WORK REQUEST: Write out all of the listing exactly. Add nothing to it.

INFORMATION GIVEN:

########################################

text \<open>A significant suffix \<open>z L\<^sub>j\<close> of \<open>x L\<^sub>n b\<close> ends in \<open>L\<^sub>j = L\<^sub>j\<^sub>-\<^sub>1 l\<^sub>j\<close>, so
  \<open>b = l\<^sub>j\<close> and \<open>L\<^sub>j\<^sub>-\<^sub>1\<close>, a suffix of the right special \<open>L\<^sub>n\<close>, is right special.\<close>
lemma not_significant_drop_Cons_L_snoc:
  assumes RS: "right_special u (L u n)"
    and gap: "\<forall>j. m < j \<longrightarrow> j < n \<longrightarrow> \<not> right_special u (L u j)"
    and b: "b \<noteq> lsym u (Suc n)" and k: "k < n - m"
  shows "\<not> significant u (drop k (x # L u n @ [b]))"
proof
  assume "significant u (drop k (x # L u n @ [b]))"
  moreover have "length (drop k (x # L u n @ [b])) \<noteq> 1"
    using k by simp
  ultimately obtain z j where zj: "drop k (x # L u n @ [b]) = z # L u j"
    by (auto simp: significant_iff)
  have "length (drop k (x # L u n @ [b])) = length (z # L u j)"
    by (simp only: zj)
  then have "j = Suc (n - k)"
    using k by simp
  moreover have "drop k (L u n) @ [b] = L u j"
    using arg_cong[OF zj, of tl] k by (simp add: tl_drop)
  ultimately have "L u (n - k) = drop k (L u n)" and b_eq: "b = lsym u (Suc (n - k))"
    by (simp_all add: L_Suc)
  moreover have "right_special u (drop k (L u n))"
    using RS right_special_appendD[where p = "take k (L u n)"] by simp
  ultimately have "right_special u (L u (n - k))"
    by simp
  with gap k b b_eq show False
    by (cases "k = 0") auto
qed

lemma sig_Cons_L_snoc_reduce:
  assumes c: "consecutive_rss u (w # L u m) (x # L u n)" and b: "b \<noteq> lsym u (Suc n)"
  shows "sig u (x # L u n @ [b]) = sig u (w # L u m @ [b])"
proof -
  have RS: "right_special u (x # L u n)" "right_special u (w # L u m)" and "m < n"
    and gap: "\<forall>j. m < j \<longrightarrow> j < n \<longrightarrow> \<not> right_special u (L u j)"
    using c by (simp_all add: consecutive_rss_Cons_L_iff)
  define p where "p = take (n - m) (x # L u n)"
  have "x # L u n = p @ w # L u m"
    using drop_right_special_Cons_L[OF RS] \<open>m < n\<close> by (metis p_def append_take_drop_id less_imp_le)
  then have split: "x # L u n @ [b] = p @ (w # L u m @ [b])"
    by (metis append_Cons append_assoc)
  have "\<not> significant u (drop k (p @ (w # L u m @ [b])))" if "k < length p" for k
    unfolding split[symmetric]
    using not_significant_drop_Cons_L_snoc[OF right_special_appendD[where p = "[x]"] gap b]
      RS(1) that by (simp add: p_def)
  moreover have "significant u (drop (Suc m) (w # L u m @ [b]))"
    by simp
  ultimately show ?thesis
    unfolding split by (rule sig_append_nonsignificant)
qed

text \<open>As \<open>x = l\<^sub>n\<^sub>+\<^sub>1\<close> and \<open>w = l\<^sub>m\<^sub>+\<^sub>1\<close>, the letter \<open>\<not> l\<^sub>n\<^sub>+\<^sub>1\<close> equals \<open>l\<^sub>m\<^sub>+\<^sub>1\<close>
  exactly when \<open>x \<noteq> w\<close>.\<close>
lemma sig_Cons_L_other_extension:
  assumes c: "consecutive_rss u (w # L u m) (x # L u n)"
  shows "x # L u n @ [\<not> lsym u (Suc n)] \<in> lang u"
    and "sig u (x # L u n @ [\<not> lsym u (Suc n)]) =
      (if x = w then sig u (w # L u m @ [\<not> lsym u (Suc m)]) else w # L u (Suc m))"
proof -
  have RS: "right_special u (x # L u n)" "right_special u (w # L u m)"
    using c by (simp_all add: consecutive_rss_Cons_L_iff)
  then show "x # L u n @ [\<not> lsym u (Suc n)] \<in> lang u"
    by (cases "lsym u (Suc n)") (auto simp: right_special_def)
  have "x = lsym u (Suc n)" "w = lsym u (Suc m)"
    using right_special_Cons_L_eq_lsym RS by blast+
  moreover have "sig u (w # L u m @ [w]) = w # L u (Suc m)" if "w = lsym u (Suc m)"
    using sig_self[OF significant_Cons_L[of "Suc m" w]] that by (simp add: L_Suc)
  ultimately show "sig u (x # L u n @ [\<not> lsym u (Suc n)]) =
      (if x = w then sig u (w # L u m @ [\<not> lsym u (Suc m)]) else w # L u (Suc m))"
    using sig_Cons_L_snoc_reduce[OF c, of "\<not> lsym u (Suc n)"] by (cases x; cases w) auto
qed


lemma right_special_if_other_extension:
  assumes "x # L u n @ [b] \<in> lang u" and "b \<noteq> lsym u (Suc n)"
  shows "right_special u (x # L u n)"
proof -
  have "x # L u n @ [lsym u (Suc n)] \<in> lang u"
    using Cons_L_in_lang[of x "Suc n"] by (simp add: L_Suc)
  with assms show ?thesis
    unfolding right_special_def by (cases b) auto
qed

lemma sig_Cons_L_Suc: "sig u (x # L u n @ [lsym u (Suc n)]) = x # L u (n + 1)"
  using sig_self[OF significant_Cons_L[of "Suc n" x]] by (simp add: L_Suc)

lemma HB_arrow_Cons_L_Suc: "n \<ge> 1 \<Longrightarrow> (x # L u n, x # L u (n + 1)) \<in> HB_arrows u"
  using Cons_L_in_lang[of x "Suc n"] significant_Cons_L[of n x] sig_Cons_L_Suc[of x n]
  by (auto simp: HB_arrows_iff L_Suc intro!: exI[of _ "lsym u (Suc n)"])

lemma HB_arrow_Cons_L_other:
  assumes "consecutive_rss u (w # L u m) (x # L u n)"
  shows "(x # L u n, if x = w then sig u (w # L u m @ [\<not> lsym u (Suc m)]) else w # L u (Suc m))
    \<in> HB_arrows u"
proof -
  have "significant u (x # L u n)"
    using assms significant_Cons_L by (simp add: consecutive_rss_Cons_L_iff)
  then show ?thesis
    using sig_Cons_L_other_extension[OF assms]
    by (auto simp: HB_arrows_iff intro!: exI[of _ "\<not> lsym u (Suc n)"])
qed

########################################

THE ANSWER:
text \<open>A significant suffix \<open>z L\<^sub>j\<close> of \<open>x L\<^sub>n b\<close> ends in \<open>L\<^sub>j = L\<^sub>j\<^sub>-\<^sub>1 l\<^sub>j\<close>, so
  \<open>b = l\<^sub>j\<close> and \<open>L\<^sub>j\<^sub>-\<^sub>1\<close>, a suffix of the right special \<open>L\<^sub>n\<close>, is right special.\<close>
lemma not_significant_drop_Cons_L_snoc:
  assumes RS: "right_special u (L u n)"
    and gap: "\<forall>j. m < j \<longrightarrow> j < n \<longrightarrow> \<not> right_special u (L u j)"
    and b: "b \<noteq> lsym u (Suc n)" and k: "k < n - m"
  shows "\<not> significant u (drop k (x # L u n @ [b]))"
proof
  assume "significant u (drop k (x # L u n @ [b]))"
  moreover have "length (drop k (x # L u n @ [b])) \<noteq> 1"
    using k by simp
  ultimately obtain z j where zj: "drop k (x # L u n @ [b]) = z # L u j"
    by (auto simp: significant_iff)
  have "length (drop k (x # L u n @ [b])) = length (z # L u j)"
    by (simp only: zj)
  then have "j = Suc (n - k)"
    using k by simp
  moreover have "drop k (L u n) @ [b] = L u j"
    using arg_cong[OF zj, of tl] k by (simp add: tl_drop)
  ultimately have "L u (n - k) = drop k (L u n)" and b_eq: "b = lsym u (Suc (n - k))"
    by (simp_all add: L_Suc)
  moreover have "right_special u (drop k (L u n))"
    using RS right_special_appendD[where p = "take k (L u n)"] by simp
  ultimately have "right_special u (L u (n - k))"
    by simp
  with gap k b b_eq show False
    by (cases "k = 0") auto
qed

lemma sig_Cons_L_snoc_reduce:
  assumes c: "consecutive_rss u (w # L u m) (x # L u n)" and b: "b \<noteq> lsym u (Suc n)"
  shows "sig u (x # L u n @ [b]) = sig u (w # L u m @ [b])"
proof -
  have RS: "right_special u (x # L u n)" "right_special u (w # L u m)" and "m < n"
    and gap: "\<forall>j. m < j \<longrightarrow> j < n \<longrightarrow> \<not> right_special u (L u j)"
    using c by (simp_all add: consecutive_rss_Cons_L_iff)
  define p where "p = take (n - m) (x # L u n)"
  have "x # L u n = p @ w # L u m"
    using drop_right_special_Cons_L[OF RS] \<open>m < n\<close> by (metis p_def append_take_drop_id less_imp_le)
  then have split: "x # L u n @ [b] = p @ (w # L u m @ [b])"
    by (metis append_Cons append_assoc)
  have "\<not> significant u (drop k (p @ (w # L u m @ [b])))" if "k < length p" for k
    unfolding split[symmetric]
    using not_significant_drop_Cons_L_snoc[OF right_special_appendD[where p = "[x]"] gap b]
      RS(1) that by (simp add: p_def)
  moreover have "significant u (drop (Suc m) (w # L u m @ [b]))"
    by simp
  ultimately show ?thesis
    unfolding split by (rule sig_append_nonsignificant)
qed

text \<open>As \<open>x = l\<^sub>n\<^sub>+\<^sub>1\<close> and \<open>w = l\<^sub>m\<^sub>+\<^sub>1\<close>, the letter \<open>\<not> l\<^sub>n\<^sub>+\<^sub>1\<close> equals \<open>l\<^sub>m\<^sub>+\<^sub>1\<close>
  exactly when \<open>x \<noteq> w\<close>.\<close>
lemma sig_Cons_L_other_extension:
  assumes c: "consecutive_rss u (w # L u m) (x # L u n)"
  shows "x # L u n @ [\<not> lsym u (Suc n)] \<in> lang u"
    and "sig u (x # L u n @ [\<not> lsym u (Suc n)]) =
      (if x = w then sig u (w # L u m @ [\<not> lsym u (Suc m)]) else w # L u (Suc m))"
proof -
  have RS: "right_special u (x # L u n)" "right_special u (w # L u m)"
    using c by (simp_all add: consecutive_rss_Cons_L_iff)
  then show "x # L u n @ [\<not> lsym u (Suc n)] \<in> lang u"
    by (cases "lsym u (Suc n)") (auto simp: right_special_def)
  have "x = lsym u (Suc n)" "w = lsym u (Suc m)"
    using right_special_Cons_L_eq_lsym RS by blast+
  moreover have "sig u (w # L u m @ [w]) = w # L u (Suc m)" if "w = lsym u (Suc m)"
    using sig_self[OF significant_Cons_L[of "Suc m" w]] that by (simp add: L_Suc)
  ultimately show "sig u (x # L u n @ [\<not> lsym u (Suc n)]) =
      (if x = w then sig u (w # L u m @ [\<not> lsym u (Suc m)]) else w # L u (Suc m))"
    using sig_Cons_L_snoc_reduce[OF c, of "\<not> lsym u (Suc n)"] by (cases x; cases w) auto
qed


lemma right_special_if_other_extension:
  assumes "x # L u n @ [b] \<in> lang u" and "b \<noteq> lsym u (Suc n)"
  shows "right_special u (x # L u n)"
proof -
  have "x # L u n @ [lsym u (Suc n)] \<in> lang u"
    using Cons_L_in_lang[of x "Suc n"] by (simp add: L_Suc)
  with assms show ?thesis
    unfolding right_special_def by (cases b) auto
qed

lemma sig_Cons_L_Suc: "sig u (x # L u n @ [lsym u (Suc n)]) = x # L u (n + 1)"
  using sig_self[OF significant_Cons_L[of "Suc n" x]] by (simp add: L_Suc)

lemma HB_arrow_Cons_L_Suc: "n \<ge> 1 \<Longrightarrow> (x # L u n, x # L u (n + 1)) \<in> HB_arrows u"
  using Cons_L_in_lang[of x "Suc n"] significant_Cons_L[of n x] sig_Cons_L_Suc[of x n]
  by (auto simp: HB_arrows_iff L_Suc intro!: exI[of _ "lsym u (Suc n)"])

lemma HB_arrow_Cons_L_other:
  assumes "consecutive_rss u (w # L u m) (x # L u n)"
  shows "(x # L u n, if x = w then sig u (w # L u m @ [\<not> lsym u (Suc m)]) else w # L u (Suc m))
    \<in> HB_arrows u"
proof -
  have "significant u (x # L u n)"
    using assms significant_Cons_L by (simp add: consecutive_rss_Cons_L_iff)
  then show ?thesis
    using sig_Cons_L_other_extension[OF assms]
    by (auto simp: HB_arrows_iff intro!: exI[of _ "\<not> lsym u (Suc n)"])
qed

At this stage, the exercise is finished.